We're given two files: a text file with a hex-encoded encrypted message and the python script used to perform the encryption. Our task is, of course, to decrypt the message. Let's take a look at the python script:
```python
import hashlib
import sys
def xor(s1,s2):
return ''.join(chr(ord(a) ^ ord(b)) for a,b in zip(s1,s2))
def repeat(s, l):
return (s*(int(l/len(s))+1))[:l]
key = sys.argv[1]
plaintext = sys.argv[2] + key
plaintext += hashlib.md5(plaintext).hexdigest()
cipher = xor(plaintext, repeat(key, len(plaintext)))
print cipher.encode('hex')
```
The hex-encoded ciphertext is `274c10121a0100495b502d551c557f0b0833585d1b27030b5228040d3753490a1c025415051525455118001911534a0052560a14594f0b1e490a010c4514411e070014615a181b02521b580305170002074b0a1a4c414d1f1d171d00151b1d0f480e491e0249010c150050115c505850434203421354424c1150430b5e094d144957080d4444254643`.
This cipher has pen-and-paper roots in the [Vigenère cipher](https://en.wikipedia.org/wiki/Vigen%C3%A8re_cipher), where a keyword is repeated so that it is as long as the plaintext and modular arithmetic gives the ciphertext.
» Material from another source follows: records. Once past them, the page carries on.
text \<open>Along a solution on \<open>[a, a+T]\<close>, the quadratic form of \<open>H(s - a)\<close> at \<open>(y, z)\<close> has
  derivative \<open>-(y\<^sup>2 + z\<^sup>2) + 2 (q y + r z) w\<close>, where \<open>w\<close> is the perturbation of \<open>z'\<close>; the
  cross term uses up at most the fraction \<open>2 h D\<close> of the decrease.\<close>
lemma lyapunov_decrease_over_period:
  fixes p q r p' q' r' k y z P Q :: "real \<Rightarrow> real"
  assumes T: "T > 0"
    and dp: "\<And>s. s \<in> {0..T} \<Longrightarrow> (p has_real_derivative p' s) (at s within {0..T})"
    and dq: "\<And>s. s \<in> {0..T} \<Longrightarrow> (q has_real_derivative q' s) (at s within {0..T})"
    and dr: "\<And>s. s \<in> {0..T} \<Longrightarrow> (r has_real_derivative r' s) (at s within {0..T})"
    and ip: "\<And>s. s \<in> {0..T} \<Longrightarrow> p' s = -1 + 2 * q s * k s"
    and iq: "\<And>s. s \<in> {0..T} \<Longrightarrow> q' s = - p s + q s * c + r s * k s"
    and ir: "\<And>s. s \<in> {0..T} \<Longrightarrow> r' s = -1 - 2 * q s + 2 * r s * c"
    and row_bound: "\<And>s u v. s \<in> {0..T} \<Longrightarrow> \<bar>q s * u + r s * v\<bar> \<le> h * sqrt (u\<^sup>2 + v\<^sup>2)"
    and h: "h \<ge> 0"
    and dy: "\<And>s. s \<in> {a..a+T} \<Longrightarrow> (y has_real_derivative z s) (at s within {a..a+T})"
    and dz: "\<And>s. s \<in> {a..a+T} \<Longrightarrow>
               (z has_real_derivative (- P s * z s - Q s * y s)) (at s within {a..a+T})"
    and close: "\<And>s. s \<in> {a..a+T} \<Longrightarrow> \<bar>P s - c\<bar> + \<bar>Q s - k (s - a)\<bar> \<le> D"
    and small: "2 * h * D \<le> 1"
    and lower: "\<And>s. s \<in> {a..a+T} \<Longrightarrow> \<gamma> * ((y a)\<^sup>2 + (z a)\<^sup>2) \<le> (y s)\<^sup>2 + (z s)\<^sup>2"
  shows "p T * (y (a+T))\<^sup>2 + 2 * q T * y (a+T) * z (a+T) + r T * (z (a+T))\<^sup>2
         \<le> p 0 * (y a)\<^sup>2 + 2 * q 0 * y a * z a + r 0 * (z a)\<^sup>2
            - (1 - 2 * h * D) * \<gamma> * T * ((y a)\<^sup>2 + (z a)\<^sup>2)"
proof -
  define C where "C = (1 - 2 * h * D) * \<gamma> * ((y a)\<^sup>2 + (z a)\<^sup>2)"
  define W where "W s = p (s - a) * (y s)\<^sup>2 + 2 * q (s - a) * y s * z s + r (s - a) * (z s)\<^sup>2
      + C * (s - a)" for s
  define W' where "W' s = - ((y s)\<^sup>2 + (z s)\<^sup>2) + 2 * (q (s - a) * y s + r (s - a) * z s)
      * (- (P s - c) * z s - (Q s - k (s - a)) * y s) + C" for s
  have "W (a + T) \<le> W a"
  proof (rule has_real_derivative_nonpos_imp_le[of a "a+T" W W'])
    show "a \<le> a + T" using T by simp
    fix s assume s: "s \<in> {a..a+T}"
    then have s0: "s - a \<in> {0..T}" by auto
    note shift = has_real_derivative_within_shift[OF _ s]
    have "(W has_real_derivative
            p' (s - a) * (y s)\<^sup>2 + p (s - a) * (2 * y s * z s)
          + 2 * (q' (s - a) * y s * z s + q (s - a) * z s * z s
                 + q (s - a) * y s * (- P s * z s - Q s * y s))
          + r' (s - a) * (z s)\<^sup>2 + r (s - a) * (2 * z s * (- P s * z s - Q s * y s)) + C)
          (at s within {a..a+T})"
      unfolding W_def
      by (rule derivative_eq_intros shift[OF dp] shift[OF dq] shift[OF dr] dy[OF s] dz[OF s] refl
          | simp add: algebra_simps)+
    then show "(W has_real_derivative W' s) (at s within {a..a+T})"
      unfolding W'_def using ip[OF s0] iq[OF s0] ir[OF s0]
      by (simp add: power2_eq_square algebra_simps)
    have cross: "\<bar>2 * (q (s - a) * y s + r (s - a) * z s) * (- (P s - c) * z s - (Q s - k (s - a)) * y s)\<bar>
        \<le> 2 * h * D * ((y s)\<^sup>2 + (z s)\<^sup>2)"
      by (rule perturbation_cross_term_bound[OF row_bound[OF s0] h close[OF s]])
    have "C \<le> (1 - 2 * h * D) * ((y s)\<^sup>2 + (z s)\<^sup>2)"
      unfolding C_def using mult_left_mono[OF lower[OF s], of "1 - 2 * h * D"] small
      by (simp add: mult.assoc)
    with cross show "W' s \<le> 0" unfolding W'_def by (simp add: algebra_simps abs_le_iff)
  qed
  then show ?thesis unfolding W_def C_def using T by (simp add: algebra_simps)
qed

section \<open>From decrease over each period to asymptotic stability\<close>

lemma periodic_decrease_imp_geometric_envelope:
  fixes N V :: "real \<Rightarrow> real"
  assumes T: "T > 0" and t0: "t0 \<ge> 0"
    and N_nonneg: "\<And>t. N t \<ge> 0"
    and growth: "\<And>a s. t0 \<le> a \<Longrightarrow> a \<le> s \<Longrightarrow> s \<le> a + T \<Longrightarrow> N s \<le> E * N a"
    and E: "E \<ge> 0" and m: "m > 0" and h: "h > 0"
    and V_lower: "\<And>t. m * N t \<le> V t" and V_upper: "\<And>t. V t \<le> h * N t"
    and \<kappa>: "\<kappa> > 0"
    and decrease: "\<And>n. t0 \<le> real n * T \<Longrightarrow>
                     V (real n * T + T) \<le> V (real n * T) - \<kappa> * N (real n * T)"
  obtains \<rho> n0 where "0 \<le> \<rho>" "\<rho> < 1" "t0 \<le> real n0 * T" "real n0 * T \<le> t0 + T"
    "\<And>t. real n0 * T \<le> t \<Longrightarrow> N t \<le> E / m * \<rho> ^ (nat \<lfloor>t / T\<rfloor> - n0) * V (real n0 * T)"
proof -
  define \<rho> where "\<rho> = max 0 (1 - \<kappa> / h)"
  define n0 where "n0 = nat \<lceil>t0 / T\<rceil>"
  have \<rho>: "0 \<le> \<rho>" "\<rho> < 1" unfolding \<rho>_def using \<kappa> h by auto
  note n0 = ceiling_divide_bracket[OF t0 T, folded n0_def]
  have after_n0: "t0 \<le> real n * T" if "n0 \<le> n" for n
  proof -
    have "real n0 * T \<le> real n * T" using that T by (intro mult_right_mono) auto
    then show ?thesis using n0(1) by linarith
  qed
  have V_nonneg: "0 \<le> V t" for t
    using V_lower[of t] mult_nonneg_nonneg[OF less_imp_le[OF m] N_nonneg[of t]] by linarith
  have step: "V (real (Suc n) * T) \<le> \<rho> * V (real n * T)" if "n0 \<le> n" for n
  proof -
    have "\<kappa> * (V (real n * T) / h) \<le> \<kappa> * N (real n * T)"
      using V_upper[of "real n * T"] h \<kappa> by (intro mult_left_mono) (simp_all add: divide_le_eq mult.commute)
    moreover have "real (Suc n) * T = real n * T + T" by (simp add: algebra_simps)
    ultimately have "V (real (Suc n) * T) \<le> V (real n * T) - \<kappa> * (V (real n * T) / h)"
      using decrease[OF after_n0[OF that]] by simp
    also have "\<dots> = (1 - \<kappa> / h) * V (real n * T)" by (simp add: algebra_simps)
    also have "\<dots> \<le> \<rho> * V (real n * T)" unfolding \<rho>_def using V_nonneg by (intro mult_right_mono) auto
    finally show ?thesis .
  qed
  have geometric: "V (real n * T) \<le> \<rho> ^ (n - n0) * V (real n0 * T)" if "n0 \<le> n" for n
    by (rule contraction_imp_geometric[where a = "\<lambda>n. V (real n * T)", OF _ \<rho>(1) that])
      (erule step)
  have "N t \<le> E / m * \<rho> ^ (nat \<lfloor>t / T\<rfloor> - n0) * V (real n0 * T)" if t: "real n0 * T \<le> t" for t
  proof -
    define n where "n = nat \<lfloor>t / T\<rfloor>"
    have n: "real n * T \<le> t" "t < real n * T + T"
      using floor_divide_bracket[of t T] t n0 t0 T unfolding n_def by auto
    have "real n0 \<le> t / T" using t T by (simp add: le_divide_eq)
    then have "n0 \<le> n" unfolding n_def by linarith
    have "N t \<le> E * N (real n * T)"
      using growth[OF after_n0[OF \<open>n0 \<le> n\<close>]] n by simp
    also have "\<dots> \<le> E * (V (real n * T) / m)"
      using V_lower m E by (intro mult_left_mono) (simp_all add: le_divide_eq mult.commute)
    also have "\<dots> \<le> E * (\<rho> ^ (n - n0) * V (real n0 * T) / m)"
      using geometric[OF \<open>n0 \<le> n\<close>] E m by (intro mult_left_mono divide_right_mono) auto
    finally show ?thesis unfolding n_def by (simp add: algebra_simps)
  qed
  with \<rho> n0 that show ?thesis by blast
qed

lemma periodic_decrease_imp_decay:
  fixes N V :: "real \<Rightarrow> real"
  assumes T: "T > 0" and t0: "t0 \<ge> 0"
    and N_nonneg: "\<And>t. N t \<ge> 0"
    and growth: "\<And>a s. t0 \<le> a \<Longrightarrow> a \<le> s \<Longrightarrow> s \<le> a + T \<Longrightarrow> N s \<le> E * N a"
    and E: "E \<ge> 0" and m: "m > 0" and h: "h > 0"
    and V_lower: "\<And>t. m * N t \<le> V t" and V_upper: "\<And>t. V t \<le> h * N t"
    and \<kappa>: "\<kappa> > 0"
    and decrease: "\<And>n. t0 \<le> real n * T \<Longrightarrow>
                     V (real n * T + T) \<le> V (real n * T) - \<kappa> * N (real n * T)"
  shows "\<And>t. t0 \<le> t \<Longrightarrow> N t \<le> (E + E * E * h / m) * N t0"
    and "(N \<longlongrightarrow> 0) at_top"
proof -
  obtain \<rho> n0 where \<rho>: "0 \<le> \<rho>" "\<rho> < 1" and n0: "t0 \<le> real n0 * T" "real n0 * T \<le> t0 + T"
    and envelope: "\<And>t. real n0 * T \<le> t \<Longrightarrow>
                     N t \<le> E / m * \<rho> ^ (nat \<lfloor>t / T\<rfloor> - n0) * V (real n0 * T)"
    using periodic_decrease_imp_geometric_envelope[OF assms] by blast
  define B where "B = E / m * V (real n0 * T)"
  have B: "0 \<le> B" "B \<le> E * E * h / m * N t0"
  proof -
    show "0 \<le> B" unfolding B_def using V_lower[of "real n0 * T"] N_nonneg[of "real n0 * T"] m E
      by (smt (verit) divide_nonneg_pos mult_nonneg_nonneg)
    have "V (real n0 * T) \<le> h * (E * N t0)"
      using V_upper[of "real n0 * T"] growth[OF order_refl n0] h by (smt (verit) mult_left_mono)
    then show "B \<le> E * E * h / m * N t0"
      unfolding B_def using E m by (auto simp: algebra_simps intro!: divide_right_mono mult_left_mono)
  qed
  have late: "N t \<le> B * \<rho> ^ (nat \<lfloor>t / T\<rfloor> - n0)" if "real n0 * T \<le> t" for t
    using envelope[OF that] unfolding B_def by (simp add: algebra_simps)
  show "N t \<le> (E + E * E * h / m) * N t0" if t: "t0 \<le> t" for t
  proof (cases "t \<le> real n0 * T")
    case True
    then have "N t \<le> E * N t0" using growth[of t0 t] t n0 by simp
    then show ?thesis using E h m N_nonneg[of t0] by (simp add: algebra_simps add_increasing2)
  next
    case False
    have "\<rho> ^ (nat \<lfloor>t / T\<rfloor> - n0) \<le> 1" using \<rho> by (simp add: power_le_one)
    then have "N t \<le> B" using late[of t] False B(1) by (smt (verit) mult_left_le)
    then show ?thesis using B(2) mult_nonneg_nonneg[OF E N_nonneg[of t0]]
      unfolding distrib_right by linarith
  qed
  have "((\<lambda>t. B * \<rho> ^ (nat \<lfloor>t / T\<rfloor> - n0)) \<longlongrightarrow> B * 0) at_top"
    using \<rho> filterlim_nat_floor_divide_at_top[OF T]
    by (intro tendsto_mult_left filterlim_compose[OF LIMSEQ_power_zero]) auto
  moreover have "eventually (\<lambda>t. N t \<le> B * \<rho> ^ (nat \<lfloor>t / T\<rfloor> - n0)) at_top"
    using eventually_ge_at_top[of "real n0 * T"] by (rule eventually_mono) (rule late)
  ultimately show "(N \<longlongrightarrow> 0) at_top"
    using N_nonneg by (intro tendsto_sandwich[of "\<lambda>_. 0" N]) auto
qed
Here, we do pretty much the same thing - we repeat the key so that it is as long as our plaintext, except now we xor the plaintext and repeated key together to produce the ciphertext.
At first I wasn't sure what to make of the md5 hash part, but it ended up being this encryption scheme's downfall. The plaintext is the message followed by the key followed by the hex-encoded md5 hash of the concatenated message and key. The important thing to note here is that `hexdigest()` returns a _string_ of hex characters. Since an md5 hash is 16 bytes long, we get 32 characters when we represent it as a string and append it to our message and key. Our ciphertext is 137 bytes long, so the first 105 correspond to the message and key while the last 32 correspond to the hash.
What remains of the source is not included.